45歳定年制導入をサントリー新浪社長が提案
サントリーの新浪社長が、経済同友会で45歳定年制導入を提言したそうです。これを聞いて、終身雇用が当たり前、と思っている人は、随分ひどい話だ、と思って炎上したようです。
新浪社長もすぐに弁明して、ベンチャー企業などに転職してもう一花咲かせた方がいい、などと言っていました。
実際、上司に嫌われて、能力はあるのに、出世できない人は結構います。そういう人はいい転職先があれば、それまでの能力を発揮できるので、転職するのもいいと思います。
干されたまま一生を終わるよりも、自分の能力をしっかり発揮できる場があれば、新天地に行って、思いっきり能力を発揮した方がその人にとっても、会社にとってもいいはずです。
しかしながら、45歳定年制となると、45歳で解雇、という印象を受けます。自分の意思で転職するのであれば、定年制にしなくても自由意志で会社を辞めて転職するだけなので何の問題もありません。
しかしながら、45歳で強制的に会社を辞めさせるのはこれまでの年功序列、終身雇用を崩すことになり、これまでのように、若い時期は安い給料でこき使われ、40歳過ぎたら、その蓄積もあって高給をもらって定年まで過ごす、という人生設計ができなくなります。
一番貯金ができるのは、子供の教育費の負担が終わった50代で、その頃に1000万円以上の年収があれば、かなり貯金ができ、老後の備えもできます。
しかしながら、45歳で解雇された場合、子供は中高校生、小学生もいるかも知れません。そんな状態で会社を放り出され、給料がなくなると死活問題です。
大体転職したら、753と言われ、1回目の転職で7割、2回目で5割、3回目で3割の年収になるなどと言われています。つまり、転職した場合、通常は最初の会社よりも給料が下がります。
特にサントリーのような会社であれば、平社員でも45歳なら1000万円近い年収がもらえます。それが、年収700万円とかに下がり、子供2人が私立中高に行っていたら年間200万円くらいは教育費がかかりますから、非常に苦しくなると思います。住宅ローンも払う必要もあるでしょうから。
そういう意味では、本当は窓際族の社員は、同じ会社で定年までいれば、あまり仕事をしないで年収1000万円くらいをもらえ、貯金もそこそこでき、年金も十分もらえる、というのがこれまでの大企業のサラリーマンモデルでした。
しかし、最近では、40歳以上の希望退職を募る企業が毎年増えています。これはつまり、企業が65歳定年まで社員を養うのは難しくなってきたことを意味しています。
実際、45歳で会社に直接的な利益をもたらす社員はそれほどいないのかも知れません。
80:20の法則で、会社に8割の利益をもたらすのが2割の社員だったとしたら、残り8割を解雇した方が会社の利益率は上がります。

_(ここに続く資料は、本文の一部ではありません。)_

lemma card_full_cycles:
  assumes "k \<in> {1..n}"
  shows "card {c. is_full_cycle n c} = fact (n - 1)"
proof -
  let ?W = "permutations_of_set ({1..n} - {k})"
  have "{c. is_full_cycle n c} = star_prod k ` ?W"
  proof
    show "{c. is_full_cycle n c} \<subseteq> star_prod k ` ?W"
    proof
      fix c assume "c \<in> {c. is_full_cycle n c}"
      then obtain w where "w \<in> ?W" "star_prod k w = c"
        using full_cycle_eq_star_prod[OF _ assms] by auto
      then show "c \<in> star_prod k ` ?W" by blast
    qed
    show "star_prod k ` ?W \<subseteq> {c. is_full_cycle n c}"
    proof
      fix p assume "p \<in> star_prod k ` ?W"
      then obtain w where w: "w \<in> ?W" "p = star_prod k w" by blast
      then have set_w: "set w = {1..n} - {k}" and "distinct w"
        by (auto simp: permutations_of_set_def)
      then have "length w = n - 1" using assms distinct_card[of w] by simp
      moreover have "num_cycles n p + length w = n"
        using num_cycles_star_prod_distinct[OF assms _ \<open>distinct w\<close>] set_w w(2) by simp
      ultimately have "num_cycles n p = 1" using assms by auto
      moreover have "p permutes {1..n}"
        using star_prod_permutes[of k "{1..n}" w] set_w w(2) assms by auto
      ultimately show "p \<in> {c. is_full_cycle n c}" by (simp add: is_full_cycle_def)
    qed
  qed
  moreover have "card (star_prod k ` ?W) = card ?W"
    by (rule card_image[OF inj_on_star_prod_permutations_of_set]) simp
  ultimately show ?thesis using assms by simp
qed

lemma star_factsI:
  "set w = {1..n} - {k} \<Longrightarrow> star_prod k w = p \<Longrightarrow> length w = n + num_cycles n p - 2
    \<Longrightarrow> w \<in> star_facts n k p"
  by (simp add: star_facts_def)

lemma star_factsD:
  assumes "w \<in> star_facts n k p"
  shows "set w = {1..n} - {k}" "star_prod k w = p" "length w = n + num_cycles n p - 2"
  using assms by (simp_all add: star_facts_def)

lemma star_facts_permutes: "k \<in> {1..n} \<Longrightarrow> w \<in> star_facts n k p \<Longrightarrow> p permutes {1..n}"
  using star_prod_permutes[of k "{1..n}" w] star_factsD[of w n k p] by auto

lemma star_facts_full_cycle_nonempty:
  assumes "is_full_cycle n c" "k \<in> {1..n}"
  shows "star_facts n k c \<noteq> {}"
proof -
  obtain w where w: "w \<in> permutations_of_set ({1..n} - {k})" "star_prod k w = c"
    using full_cycle_eq_star_prod[OF assms] .
  then have "set w = {1..n} - {k}" "distinct w" by (auto simp: permutations_of_set_def)
  then have "length w = n + num_cycles n c - 2"
    using assms distinct_card[of w] by (simp add: is_full_cycle_def)
  then show ?thesis using star_factsI[OF \<open>set w = _\<close> w(2)] by blast
qed

lemma star_prod_prefix_moving_pivot:
  assumes "c = k \<or> c \<in> set d"
  obtains u v where "d = u @ v" "star_prod k u k = c"
proof (cases "c = k")
  case True
  then show ?thesis using that[of "[]" d] by simp
next
  case False
  then obtain u v where d: "d = u @ c # v" and "c \<notin> set u"
    using assms by (metis split_list_first)
  then have "star_prod k (u @ [c]) k = c"
    using star_prod_fixes[of c u k] False by (simp add: star_prod_append)
  then show ?thesis using that[of "u @ [c]" v] d by simp
qed
(* Let $z_1,z_2,\dots$ be i.i.d. standard normal random variables, let $I_1,I_2$ be positive integers, and set $N_1=I_1$, $N_2=I_1+I_2$. Let $r_1,r_2>0$ and define the events $\zeta_1=\{\sum_{j=1}^{N_1} z_j^2>r_1^2\}$ and $\zeta_2=\{\sum_{j=1}^{N_2} z_j^2>r_2^2\}$. Then $$\Pr(\zeta_1\cap\zeta_2)\le \inf_{0\le u<1/2}\frac{e^{-u r_2^2}\,\Pr\left(\chi^2_{I_1}>(1-2u)r_1^2\right)}{(1-2u)^{N_2/2}},$$ and $$\Pr(\zeta_1\cap\zeta_2)\ge \max\left(\Pr(\zeta_1)-w_1,\ \Pr(\zeta_2)-w_2\right),$$ where $$w_1=\inf_{v\ge 0}\frac{e^{v r_2^2}\,\Pr\left(\chi^2_{I_1}>(1+2v)r_1^2\right)}{(1+2v)^{N_2/2}},\qquad w_2=\inf_{0\le v<1/2}\frac{e^{-v r_2^2}\,\Pr\left(\chi^2_{I_1}\le(1-2v)r_1^2\right)}{(1-2v)^{N_2/2}}.$$
   Context: For a positive integer $k$, $\chi^2_k$ denotes a random variable with the central chi-square distribution with $k$ degrees of freedom; thus $\Pr(\zeta_i)=\Pr(\chi^2_{N_i}>r_i^2)$. *)

theory Defs
  imports "HOL-Probability.Probability"
begin

definition chi2_density :: "nat \<Rightarrow> real \<Rightarrow> real" where
  "chi2_density k x =
     (if x > 0 then x powr (real k / 2 - 1) * exp (- x / 2) / (2 powr (real k / 2) * Gamma (real k / 2))
      else 0)"

definition chi2_distr :: "nat \<Rightarrow> real measure" where
  "chi2_distr k = density lborel (\<lambda>x. ennreal (chi2_density k x))"

definition chi2_gt :: "nat \<Rightarrow> real \<Rightarrow> real" where
  "chi2_gt k t = measure (chi2_distr k) {t<..}"

definition chi2_le :: "nat \<Rightarrow> real \<Rightarrow> real" where
  "chi2_le k t = measure (chi2_distr k) {..t}"

end

theory Submission
  imports Defs
begin

text \<open>Let \<open>S\<close> and \<open>T\<close> be the sums of squares over \<open>{1..I1}\<close> and \<open>{I1+1..N2}\<close>; they are
  independent with laws \<open>\<chi>\<^sup>2(I1)\<close> and \<open>\<chi>\<^sup>2(I2)\<close>. Each of the events \<open>\<zeta>1 \<inter> \<zeta>2\<close>,
  \<open>\<zeta>1 - \<zeta>2\<close> and \<open>\<zeta>2 - \<zeta>1\<close> lies in a set \<open>{S \<in> A, t (S + T - r2\<^sup>2) \<ge> 0}\<close> for a suitable
  sign of \<open>t\<close>, on which the Chernoff weight \<open>exp (t (S + T - r2\<^sup>2))\<close> is at least 1. Integrating
  this weight against the product density, the factor \<open>exp (t T)\<close> contributes the moment
  generating function \<open>(1 - 2 t) powr (- I2 / 2)\<close>, while \<open>exp (t S)\<close> turns the \<open>\<chi>\<^sup>2(I1)\<close>
  density into \<open>(1 - 2 t) powr (- I1 / 2)\<close> times the density of \<open>\<chi>\<^sup>2(I1) / (1 - 2 t)\<close>. This gives
  the three infimum bounds, and the lower bounds follow from
  \<open>P(\<zeta>1 \<inter> \<zeta>2) = P(\<zeta>i) - P(\<zeta>i - \<zeta>j)\<close>.\<close>

text \<open>The Gamma density with shape \<open>a\<close> and scale 2. Real shapes are needed because convolution
  adds shapes, starting from \<open>1/2\<close> for one squared standard normal.\<close>

definition gamma2_density :: "real \<Rightarrow> real \<Rightarrow> real" where
  "gamma2_density a x =
     (if x > 0 then x powr (a - 1) * exp (- x / 2) / (2 powr a * Gamma a) else 0)"
lemma regression_function_exists: "\<exists>\<eta>. regression_function \<eta>"
proof -
  have label_range: "of_bool (snd z) \<in> {0..1::real}" if "z \<in> space D" for z :: "'a \<times> bool"
    by simp
  obtain \<eta> :: "'a \<Rightarrow> real" where "\<eta> \<in> borel_measurable X" "\<And>x. \<eta> x \<in> {0..1}"
    "\<And>\<phi>. \<phi> \<in> borel_measurable X \<Longrightarrow>
      (\<integral>z. of_bool (snd z) * \<phi> (fst z) \<partial>D) = (\<integral>x. \<eta> x * \<phi> x \<partial>distr D X fst)"
    using cond_mean_through_map_exists[OF prob_space_D measurable_fst_D measurable_label_D label_range]
    by blast
  then have "regression_function \<eta>"
    unfolding regression_function_def predictor_def xmarginal_def by simp
  then show ?thesis by blast
qed

lemma integrable_gamma_integrand:
  assumes "bounded_borel_on_unit F" "predictor X g" "predictor X h"
  shows "integrable (xmarginal D X) (\<lambda>x. (F (g x) - F (h x))\<^sup>2)"
proof -
  obtain K where K: "\<And>a. a \<in> {0..1} \<Longrightarrow> \<bar>F a\<bar> \<le> K"
    using bounded_borel_on_unit_bound[OF assms(1)] by blast
  have "\<bar>(F (g x) - F (h x))\<^sup>2\<bar> \<le> (K + K)\<^sup>2" if "x \<in> space X" for x
  proof -
    have "\<bar>F (g x) - F (h x)\<bar> \<le> K + K"
      using K[of "g x"] K[of "h x"] assms(2,3) that unfolding predictor_def by force
    then have "\<bar>F (g x) - F (h x)\<bar>\<^sup>2 \<le> (K + K)\<^sup>2" by (intro power_mono) auto
    then show ?thesis by simp
  qed
  then show ?thesis
    using measurable_comp_predictor[OF assms(1,2)] measurable_comp_predictor[OF assms(1,3)]
    by (intro integrable_xmarginal_bounded) auto
qed

lemma gamma_quasi_triangle:
  assumes "bounded_borel_on_unit F" "predictor X g" "predictor X h" "predictor X k"
  shows "gamma D X F g h \<le> 2 * gamma D X F g k + 2 * gamma D X F h k"
proof -
  have "gamma D X F g h
      \<le> (\<integral>x. 2 * (F (g x) - F (k x))\<^sup>2 + 2 * (F (h x) - F (k x))\<^sup>2 \<partial>xmarginal D X)"
    unfolding gamma_def
  proof (rule integral_mono)
    have sq: "(u - v)\<^sup>2 \<le> 2 * u\<^sup>2 + 2 * v\<^sup>2" for u v :: real
      using zero_le_power2[of "u + v"] by (simp add: power2_eq_square algebra_simps)
    show "(F (g x) - F (h x))\<^sup>2 \<le> 2 * (F (g x) - F (k x))\<^sup>2 + 2 * (F (h x) - F (k x))\<^sup>2" for x
      using sq[of "F (g x) - F (k x)" "F (h x) - F (k x)"] by simp
  qed (use integrable_gamma_integrand[OF assms(1)] assms(2-4) in auto)
  also have "\<dots> = 2 * gamma D X F g k + 2 * gamma D X F h k"
    unfolding gamma_def using integrable_gamma_integrand[OF assms(1)] assms(2-4) by simp
  finally show ?thesis .
qed
(* Let $n$ be a prime, let $\alpha$ be a primitive element of $\mathbb{F}_{2^n}$, identify $\mathbb{F}_2^n$ with $\mathbb{F}_{2^n}$ as $\mathbb{F}_2$-vector spaces, and let $k\ge 2$. If there exist $\frac{2^n-2}{(2^k-1)(2^k-2)n}$ pairwise disjoint coset complete $k$-dimensional subspaces of $\mathbb{F}_2^n$, then there exists a Steiner structure $\mathbb{S}_2[2,k,n]$.
   Context: For $s\in\mathbb{Z}_{2^n-1}$, the cyclotomic coset of $s$ is $C_s=\{s\cdot 2^i \bmod (2^n-1): 0\le i\le n-1\}$, and $\rho(s)$ denotes the smallest element of $C_s$ (its coset representative). For a $k$-dimensional subspace $X=\{0,\alpha^{i_1},\dots,\alpha^{i_{2^k-1}}\}$ of $\mathbb{F}_2^n$ (exponents in $\mathbb{Z}_{2^n-1}$), its coset difference set is $\rho(\Delta(X))=\{\rho(i_r-i_s): 1\le r,s\le 2^k-1,\ r\ne s\}$. $X$ is coset complete if $|\rho(\Delta(X))|=(2^k-1)(2^k-2)$; two coset complete subspaces $X,Y$ are disjoint coset complete if $\rho(\Delta(X))\cap\rho(\Delta(Y))=\varnothing$. A Steiner structure $\mathbb{S}_2[2,k,n]$ is a set of $k$-dimensional subspaces of $\mathbb{F}_2^n$ such that each $2$-dimensional subspace of $\mathbb{F}_2^n$ is contained in exactly one of them. *)

theory Defs
  imports "HOL-Computational_Algebra.Primes" "HOL-Library.Cardinality"
begin

text \<open>The field F_{2^n} is modelled by a finite field type 'a with CARD('a) = 2^n and
characteristic 2. Viewed as an F_2-vector space, its subspaces are exactly the
subsets containing 0 and closed under addition; a subspace has F_2-dimension k
iff it has 2^k elements.\<close>

definition F2_subspace :: "'a::field set \<Rightarrow> bool" where
  "F2_subspace V \<longleftrightarrow> 0 \<in> V \<and> (\<forall>x\<in>V. \<forall>y\<in>V. x + y \<in> V)"

definition F2_subspace_dim :: "'a::field set \<Rightarrow> nat \<Rightarrow> bool" where
  "F2_subspace_dim V k \<longleftrightarrow> F2_subspace V \<and> finite V \<and> card V = 2 ^ k"

definition primitive_element :: "'a::field \<Rightarrow> bool" where
  "primitive_element \<alpha> \<longleftrightarrow> \<alpha> \<noteq> 0 \<and> (\<forall>x. x \<noteq> 0 \<longrightarrow> (\<exists>i::nat. \<alpha> ^ i = x))"

definition dlog :: "nat \<Rightarrow> 'a::field \<Rightarrow> 'a \<Rightarrow> nat" where
  "dlog n \<alpha> x = (THE i. i < 2 ^ n - 1 \<and> \<alpha> ^ i = x)"

definition coset_rep :: "nat \<Rightarrow> nat \<Rightarrow> nat" where
  "coset_rep n s = Min {(s * 2 ^ i) mod (2 ^ n - 1) | i. i < n}"

definition coset_diff_set :: "nat \<Rightarrow> 'a::field \<Rightarrow> 'a set \<Rightarrow> nat set" where
  "coset_diff_set n \<alpha> X =
     {coset_rep n (nat ((int (dlog n \<alpha> a) - int (dlog n \<alpha> b)) mod int (2 ^ n - 1))) | a b.
        a \<in> X \<and> b \<in> X \<and> a \<noteq> 0 \<and> b \<noteq> 0 \<and> a \<noteq> b}"

definition coset_complete :: "nat \<Rightarrow> 'a::field \<Rightarrow> nat \<Rightarrow> 'a set \<Rightarrow> bool" where
  "coset_complete n \<alpha> k X \<longleftrightarrow> card (coset_diff_set n \<alpha> X) = (2 ^ k - 1) * (2 ^ k - 2)"

definition steiner_structure :: "nat \<Rightarrow> 'a::field set set \<Rightarrow> bool" where
  "steiner_structure k S \<longleftrightarrow> (\<forall>X\<in>S. F2_subspace_dim X k) \<and>
     (\<forall>W. F2_subspace_dim W 2 \<longrightarrow> (\<exists>!X. X \<in> S \<and> W \<subseteq> X))"

end

theory Submission
  imports Defs
begin

text \<open>Let Q be the set of triples (X, (a, b), j) with X in the given family, (a, b) an ordered pair
of distinct nonzero elements of X and j < n. The map sending such a triple to (a/b)^(2^j) is
injective: the discrete logarithm of (a/b)^(2^j) is 2^j log(a/b), which has the same cyclotomic
coset representative as log(a/b), so disjointness recovers X and coset completeness recovers
(a, b); finally, since n is prime, an element outside F_2 has n distinct Frobenius conjugates,
which recovers j. The counting hypothesis says |Q| = 2^n - 2, so the map is a bijection onto the
field minus {0, 1}. Hence the subspaces c X^(2^j) with c \<noteq> 0 and j < n form a Steiner structure: the
plane spanned by nonzero x \<noteq> y lies in c X^(2^j) exactly when (a/b)^(2^j) = y/x and c = x/b^(2^j)
for some distinct nonzero a, b in X.\<close>

lemma mult_pow2_mod_mersenne:
  assumes "n > 0"
  shows "(s * 2 ^ a) mod (2 ^ n - 1) = (s * 2 ^ (a mod n)) mod ((2::nat) ^ n - 1)"
proof -
  let ?N = "(2::nat) ^ n - 1"
  have "2 ^ n mod ?N = 1 mod ?N"
    by (metis mod_add_self1 add.commute le_add_diff_inverse one_le_power one_le_numeral)
  then have period: "(2 ^ n) ^ q mod ?N = 1 mod ?N" for q
    by (metis power_mod power_one)
  have "s * 2 ^ a = s * 2 ^ (a mod n) * (2 ^ n) ^ (a div n)"
    by (metis mod_div_mult_eq mult.assoc mult.commute power_add power_mult)
  also have "\<dots> mod ?N = (s * 2 ^ (a mod n) * ((2 ^ n) ^ (a div n) mod ?N)) mod ?N"
    by (rule mod_mult_right_eq[symmetric])
  also have "\<dots> = (s * 2 ^ (a mod n) * (1 mod ?N)) mod ?N"
    by (simp only: period)
  finally show ?thesis
    by (metis mod_mult_right_eq mult_1_right)
qed

lemma coset_rep_mult_pow2:
  assumes "n > 0"
  shows "coset_rep n ((s * 2 ^ j) mod (2 ^ n - 1)) = coset_rep n s"
proof -
  let ?N = "(2::nat) ^ n - 1"
  have orbit: "{(t * 2 ^ i) mod ?N | i. i < n} = range (\<lambda>i. (t * 2 ^ i) mod ?N)" for t
    using mult_pow2_mod_mersenne[OF assms, of t] assms by (auto intro: exI[of _ "_ mod n"])
  have shift: "((s * 2 ^ j) mod ?N * 2 ^ i) mod ?N = (s * 2 ^ (j + i)) mod ?N" for i
    by (simp add: mod_mult_left_eq power_add mult.assoc)
  have unshift: "(s * 2 ^ i) mod ?N = (s * 2 ^ (j + (i + (n - 1) * j))) mod ?N" for i
  proof -
    have "j + (i + (n - 1) * j) = i + n * j"
      using assms by (cases n) simp_all
    then have "(s * 2 ^ (j + (i + (n - 1) * j))) mod ?N = (s * 2 ^ ((i + n * j) mod n)) mod ?N"
      by (simp only: mult_pow2_mod_mersenne[OF assms, of s "i + n * j"])
    also have "\<dots> = (s * 2 ^ i) mod ?N"
      using mult_pow2_mod_mersenne[OF assms, of s i] by simp
    finally show ?thesis
      by (rule sym)
  qed
  have "range (\<lambda>i. ((s * 2 ^ j) mod ?N * 2 ^ i) mod ?N) = range (\<lambda>i. (s * 2 ^ i) mod ?N)"
    unfolding shift using unshift by blast
  then show ?thesis
    unfolding coset_rep_def orbit by simp
qed

lemma gcd_mem_if_diff_closed:
  fixes P :: "nat \<Rightarrow> bool"
  assumes diff: "\<And>a b. b \<le> a \<Longrightarrow> P a \<Longrightarrow> P b \<Longrightarrow> P (a - b)" and "P a" "P b"
  shows "P (gcd a b)"
  using assms(2,3)
proof (induction "a + b" arbitrary: a b rule: less_induct)
  case less
  show ?case
  proof (cases "a = 0 \<or> b = 0")
    case True
    with less.prems show ?thesis
      by auto
  next
    case False
    show ?thesis
    proof (cases "b \<le> a")
      case True
      with False less have "P (gcd (a - b) b)"
        by (intro less.hyps diff) auto
      with True show ?thesis
        by (simp add: gcd_diff1_nat)
    next
      case b_greater: False
      with False less have "P (gcd (b - a) a)"
        by (intro less.hyps diff) auto
      with b_greater show ?thesis
        by (simp add: gcd_diff1_nat gcd.commute[of b a])
    qed
  qed
qed

lemma char2_add_self:
  assumes "(1::'a::field) + 1 = 0"
  shows "x + x = (0::'a)"
  by (metis assms distrib_right mult_1 mult_zero_left)

lemma char2_pow2_add:
  assumes "(1::'a::field) + 1 = 0"
  shows "(a + b) ^ (2 ^ j) = a ^ (2 ^ j) + (b::'a) ^ (2 ^ j)"
proof (induction j)
  case (Suc j)
  have "(a + b) ^ (2 ^ Suc j) = (a ^ (2 ^ j) + b ^ (2 ^ j)) ^ 2"
    by (simp only: Suc power_Suc2 power_mult)
  also have "\<dots> = (a ^ (2 ^ j)) ^ 2 + (b ^ (2 ^ j)) ^ 2"
    using char2_add_self[OF assms] by (simp add: power2_sum)
  also have "\<dots> = a ^ (2 ^ Suc j) + b ^ (2 ^ Suc j)"
    by (simp only: power_Suc2 power_mult)
  finally show ?case .
qed simp

lemma char2_pow2_inj:
  assumes "(1::'a::field) + 1 = 0" and "a ^ (2 ^ j) = (b::'a) ^ (2 ^ j)"
  shows "a = b"
proof -
  have "(a + b) ^ (2 ^ j) = 0"
    using assms by (simp add: char2_pow2_add char2_add_self)
  then have "a + b = b + b"
    using char2_add_self[OF assms(1)] by simp
  then show ?thesis
    by simp
qed

text \<open>For c = \<alpha>^i this is the block \<alpha>^i X^(2^j) of the paper's construction.\<close>

definition frobenius_twist :: "'a::field \<Rightarrow> nat \<Rightarrow> 'a set \<Rightarrow> 'a set" where
  "frobenius_twist c j X = (\<lambda>z. c * z ^ (2 ^ j)) ` X"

そして、大企業であれば、他社の有能な社員を中途採用で引き抜いて、無能な中高年社員を解雇するほど会社の利益が上がりますから本心ではそうしたいでしょう。
そういう意味で今回の45歳定年制は、大企業にとっては都合のよい制度です。逆にいえば、企業も余裕がなくなってきた、ということでしょう。
しかし、もっと前に東大教授が40歳定年制を提唱していました。これも似たような話ですが、人材の流動性を高めた方が多様な人材が交流して経済が活性化する、という理論のようです。
転職してそれほど収入が下がらないのであればそれでもいいでしょうが、ほとんどの人は転職すれば年収が下がると思います。
そのあたりをうまく担保できれば、40歳定年制もいいかも知れません。
とはいえ、研究者の最高の生産性は20代~35歳まで、と言われます。そのくらいまででないと大量の文献を読み、徹夜で実験をするほどのパワーは続きません。記憶力も下がってしまいます。
そういう意味では、会社としては一番おいしいところだけ取って、その後は役に立たなくなったら使い捨て、というのが45歳定年性の本音でしょう。
もし、そうであれば、若いうちから、その分の給与を出すところに入るべきで、年収1000万円、2000万円の企業に入るようにすべきでしょう。つまり、若い人が高い生産性を発揮するのであれば、その生産性に見合った給料にすべきです。でなければ、会社は労働者から搾取することになると思います。